Your work environment matters. The desks, the chairs, the paint color, the pictures on the wall, and of course, your coworkers. These elements create a landscape that sends a signal to employees encouraging them to act in certain ways. Often times, you’ll hear how creative professionals need to work in an inspirational/creative environment. This “inspiration” has manifested itself in flip flops, and pool tables, and countless other arbitrary traits of “a creative space.” But is that really what makes a difference? The flip flops?
Well, as it turns out, yes, it may well be the flip flops. Or more accurately, the leniency that allowed for flip flops to be worn in the first place. It’s about the small things that all send their own little signals. The collective value of multiple signals can influence behavior. Sociologists figured this out in the 80s…when studying criminals. Enter the Broken Windows theory, first proposed by sociologists James Q. Wilson and George L. Kelling, in 1982. Here’s the foundation of the theory:
Under the broken windows theory, an ordered and clean environment – one which is maintained – sends the signal that the area is monitored and that criminal behavior will not be tolerated. Conversely, a disordered environment – one which is not maintained (broken windows, graffiti, excessive litter) – sends the signal that the area is not monitored and that one can engage in criminal behavior with little risk of detection.
The essential premise here is that environment informs (and even guides) the behavior of those who exist in it.

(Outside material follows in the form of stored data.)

lemma G_collinear: "g \<in> G \<Longrightarrow> collinear L u v \<Longrightarrow> collinear L (g u) (g v)"
  unfolding collinear_def using G_image_line by blast

lemma obtain_M_stabilizer_collinear:
  assumes w: "w \<in> P" "\<not> collinear L w z"
  obtains a where "a \<in> set_stabilizer G M" "collinear L w (a y)"
proof -
  have "w \<notin> M" using w(2) collinearI[OF M(1) _ z(1)] by blast
  then obtain m where m: "m \<in> M" "collinear L w m" using collinear_exists[OF w(1) M(1)] by blast
  have "m \<noteq> z" using m(2) w(2) by blast
  then have "m \<in> opposite"
    using collinear_unique[OF M(1) p_in_P p_notin_line[OF M] m(1) z(1) _ z(2)] m(1)
      line_subset[OF M(1)] unfolding opposite_def by blast
  then obtain a where a: "a \<in> G" "a y = m" using regular[OF y_opposite] by blast
  then have "a \<in> set_stabilizer G M" using set_stabilizer_line_iff[OF M] m(1) by simp
  then show thesis using that a(2) m(2) by blast
qed

lemma G_subset_covering:
  "G \<subseteq> set_stabilizer G {z} \<union>
    (\<Union>N\<in>other_lines. set_stabilizer G M <#>\<^bsub>BijGroup P\<^esub> set_stabilizer G N)"
proof
  fix g assume g: "g \<in> G"
  show "g \<in> set_stabilizer G {z} \<union>
    (\<Union>N\<in>other_lines. set_stabilizer G M <#>\<^bsub>BijGroup P\<^esub> set_stabilizer G N)"
  proof (cases "g z = z")
    case True
    then show ?thesis using g unfolding set_stabilizer_point by blast
  next
    case False
    have "g y \<in> P" "\<not> collinear L (g y) z"
      using G_opposite[OF g y_opposite] point_stabilizer_iff[OF g] False
      unfolding opposite_def by auto
    then obtain a where aM: "a \<in> set_stabilizer G M" and "collinear L (g y) (a y)"
      by (rule obtain_M_stabilizer_collinear)
    have a: "a \<in> G" using aM set_stabilizer_subset by blast
    define b where "b = inv\<^bsub>BijGroup P\<^esub> a \<otimes>\<^bsub>BijGroup P\<^esub> g"
    have a': "inv\<^bsub>BijGroup P\<^esub> a \<in> G" using subgroup.m_inv_closed[OF subgroup_G a] .
    have b: "b \<in> G" unfolding b_def using subgroup.m_closed[OF subgroup_G a' g] .
    have g_eq: "g = a \<otimes>\<^bsub>BijGroup P\<^esub> b"
      unfolding b_def using G_carrier a g by (simp add: BG.m_assoc[symmetric])
    have "(inv\<^bsub>BijGroup P\<^esub> a) (a y) = y" "(inv\<^bsub>BijGroup P\<^esub> a) (g y) = b y"
      using BijGroup_inv_apply(1)[OF G_Bij[OF a] y(1)]
        BijGroup_mult_apply[OF G_Bij[OF a'] G_Bij[OF g] y(1)] unfolding b_def by simp_all
    then have "collinear L y (b y)"
      using G_collinear[OF a' \<open>collinear L (g y) (a y)\<close>] collinear_def by metis
    then obtain N where N: "N \<in> L" "y \<in> N" "b y \<in> N" unfolding collinear_def by blast
    then have bN: "b \<in> set_stabilizer G N" using set_stabilizer_line_iff[OF N(1,2) b] by simp
    have "N \<noteq> M"
    proof
      assume "N = M"
      then have "g \<in> set_stabilizer G M"
        using g_eq subgroup.m_closed[OF subgroup_line_stabilizer[OF M(1)] aM] bN by simp
      then show False using set_stabilizer_M_subset False unfolding set_stabilizer_point by blast
    qed
    then have "N \<in> other_lines" using N unfolding other_lines_def by simp
    moreover have "g \<in> set_stabilizer G M <#>\<^bsub>BijGroup P\<^esub> set_stabilizer G N"
      using g_eq aM bN unfolding set_mult_def by blast
    ultimately show ?thesis by blast
  qed
qed

lemma line_stabilizers_product:
  assumes N: "N \<in> other_lines" and N': "N' \<in> other_lines" "N \<noteq> N'"
    and c: "c \<in> set_stabilizer G M" and b: "b \<in> set_stabilizer G N"
    and cb: "c \<otimes>\<^bsub>BijGroup P\<^esub> b \<in> set_stabilizer G N'"
  shows "b = \<one>\<^bsub>BijGroup P\<^esub> \<or> c \<otimes>\<^bsub>BijGroup P\<^esub> b = \<one>\<^bsub>BijGroup P\<^esub>"
proof -
  have NL: "N \<in> L" "y \<in> N" "N \<noteq> M" and N'L: "N' \<in> L" "y \<in> N'" "N' \<noteq> M"
    using N N' other_lines_D by auto
  have cG: "c \<in> G" and bG: "b \<in> G" and cbG: "c \<otimes>\<^bsub>BijGroup P\<^esub> b \<in> G"
    using c b cb set_stabilizer_subset by auto
  have cb_apply: "(c \<otimes>\<^bsub>BijGroup P\<^esub> b) y = c (b y)"
    using BijGroup_mult_apply[OF G_Bij[OF cG] G_Bij[OF bG] y(1)] .
  have cy_M: "c y \<in> M" and by_N: "b y \<in> N" and cby_N': "c (b y) \<in> N'"
    using set_stabilizer_line_iff[OF M cG] set_stabilizer_line_iff[OF NL(1,2) bG]
      set_stabilizer_line_iff[OF N'L(1,2) cbG] c b cb cb_apply by auto
  consider "c y = y" | "c y \<noteq> y" "c (b y) \<in> M" | "c y \<noteq> y" "c (b y) \<notin> M" by blast
  then show ?thesis
  proof cases
    case 1
    then have "c = \<one>\<^bsub>BijGroup P\<^esub>" using G_eq_one_if_fixes[OF y_opposite cG] by simp
    then have "b y \<in> N'"
      using cby_N' by_N line_subset[OF NL(1)] BijGroup_one_apply by (metis subsetD)
    then have "b y = y" using line_eqI[OF NL(1) N'L(1) _ by_N NL(2) _ N'L(2)] N'(2) by blast
    then show ?thesis using G_eq_one_if_fixes[OF y_opposite bG] by simp
  next
    case 2
    then have "c (b y) = y" using line_eqI[OF M(1) N'L(1) _ 2(2) M(2) cby_N' N'L(2)] N'L(3) by blast
    then show ?thesis using G_eq_one_if_fixes[OF y_opposite cbG] cb_apply by simp
  next
    case 3
    have "collinear L (c (b y)) y" using collinearI[OF N'L(1) cby_N' N'L(2)] .
    moreover have "collinear L (c (b y)) (c y)"
      using collinearI[OF G_image_line[OF cG NL(1)]] by_N NL(2) by blast
    moreover have "c (b y) \<in> P" using cby_N' line_subset[OF N'L(1)] by blast
    ultimately have "y = c y" using collinear_unique[OF M(1) _ 3(2) M(2) cy_M] by blast
    then show ?thesis using 3(1) by simp
  qed
qed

George Kelling went on to co-author a criminology and urban sociology book titled Fixing Broken Windows: Restoring Order and Reducing Crime in Our Communities. A successful strategy for preventing vandalism, says Kelling, is to fix the problems when they are small. Repair the broken windows within a short time, say, a day or a week, and the tendency is that vandals are much less likely to break more windows or do further damage.
Cubicles Inspire Squares
We can change our surroundings to effectively influence behavior. What elements of the work environment send signals to let employees know that creativity is expected of them? Offices filled with standardized cubicles and governed by dress codes seemingly encourage conservative thinking and behavior (and Dilbert). However ad agency offices have produced some of the most interesting and engaging creative ideas in history (as has Google). Lee Clow has shown up for work for the past 45 years in shorts and flips and is revered as one of the most creative and successful advertising minds ever.
As Kelling says, fix problems when they are small. So start small. Paint a wall. Get more interesting furniture. Lax the dress code a bit. And then see where it goes. It’s the basic things we often glance over that take up a running tally in our minds. So add up all the touch points of an experience and then calculate its imputed value. Does fixing a broken window really prevent crime? Maybe, maybe not, but if you put in an honest effort to improve your surroundings and inspire positive behavior, you at least as an individual, will be better off for it.